BP on Tuesday returned to profit in the second quarter and demonstrated its ability to generate cash again, with slightly higher oil prices than last year and deep cost cuts lifting the British oil giant.
BP reported replacement cost profit--a similar measure to the net income that U.S. oil companies report--of $553 million for the quarter, compared with a loss of $2.2 billion a year earlier. Brent crude, the international benchmark, averaged $49.64 in that period this year, compared with $45.59 last year.
The company said it generated $4.9 billion in operating cash flow in the second quarter, compared with $3.9 billion the year before.

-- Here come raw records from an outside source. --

lemma interp_Lat_Arr:
  assumes ll: "locally_linear R" and her: "hereditary R \<eta>"
  shows "interp app \<eta> (Lat (Arr A B)) p = interp app \<eta> (Arr (Lat A) (Lat B)) p"
proof (rule set_eqI, rule iffI)
  fix u assume "u \<in> interp app \<eta> (Lat (Arr A B)) p"
  then have L: "\<And>q r v. R p q \<Longrightarrow> R\<^sup>*\<^sup>* q r \<Longrightarrow> v \<in> interp app \<eta> A r \<Longrightarrow> app u v \<in> interp app \<eta> B r"
    by (auto simp: interp_Lat interp_Arr simp del: interp.simps)
  show "u \<in> interp app \<eta> (Arr (Lat A) (Lat B)) p"
    unfolding interp_Arr interp_Lat
  proof (intro CollectI allI impI ballI)
    fix q v s assume q: "R\<^sup>*\<^sup>* p q" and v: "v \<in> {v. \<forall>s. R q s \<longrightarrow> v \<in> interp app \<eta> A s}"
      and s: "R q s"
    have "R\<^sup>+\<^sup>+ p s" using q s by (rule rtranclp_into_tranclp1)
    then obtain q' where "R p q'" "R\<^sup>*\<^sup>* q' s" using tranclpD by metis
    then show "app u v \<in> interp app \<eta> B s" using L v s by blast
  qed
next
  fix u assume "u \<in> interp app \<eta> (Arr (Lat A) (Lat B)) p"
  then have L: "\<And>q v s. R\<^sup>*\<^sup>* p q \<Longrightarrow> (\<forall>s. R q s \<longrightarrow> v \<in> interp app \<eta> A s) \<Longrightarrow> R q s \<Longrightarrow>
      app u v \<in> interp app \<eta> B s"
    by (auto simp: interp_Lat interp_Arr simp del: interp.simps)
  show "u \<in> interp app \<eta> (Lat (Arr A B)) p"
    unfolding interp_Arr interp_Lat
  proof (intro CollectI allI impI ballI)
    fix q r v assume q: "R p q" and r: "R\<^sup>*\<^sup>* q r" and v: "v \<in> interp app \<eta> A r"
    have "R\<^sup>+\<^sup>+ p r" using q r by (rule rtranclp_into_tranclp2)
    then obtain w where w: "R\<^sup>*\<^sup>* p w" "R w r"
      by (metis tranclp.cases tranclp_into_rtranclp rtranclp.rtrancl_refl)
    txt \<open>Local linearity yields a predecessor w' of r all of whose successors lie at or after r,
      so by heredity v is in A at every successor of w'.\<close>
    then obtain w' where w': "R\<^sup>*\<^sup>* w w'" "R w' r" "\<forall>s. R w' s \<longrightarrow> R\<^sup>*\<^sup>* r s"
      using ll unfolding locally_linear_def by blast
    have "R\<^sup>*\<^sup>* p w'" using w w' by (meson rtranclp_trans)
    moreover have "\<forall>s. R w' s \<longrightarrow> v \<in> interp app \<eta> A s"
      using w'(3) v interp_hereditary_rtranclp[OF her] by blast
    ultimately show "app u v \<in> interp app \<eta> B r" using L w'(2) by blast
  qed
qed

Oil-and-gas production was up 9.9% to 2.4 million barrels of oil equivalent. The company is in the midst of a plan to raise its output by 800,000 barrels a day of oil equivalent by 2020.
The company remained weighed down by costs associated with its Gulf of Mexico oil spill, though it says it is turning the corner on the deadly 2010 incident. It reported a charge of $347 million to "reflect the latest estimate for claims" resulting from the spill.
Costs associated with the spill were the main reason behind a deepening in net debt, to $39.8 billion compared with $30.9 billion in the same quarter of 2016.
"We expect this will improve over the second half as these payments decline and divestment proceeds come in towards the end of the year," Chief Financial Officer Brian Gilvary said.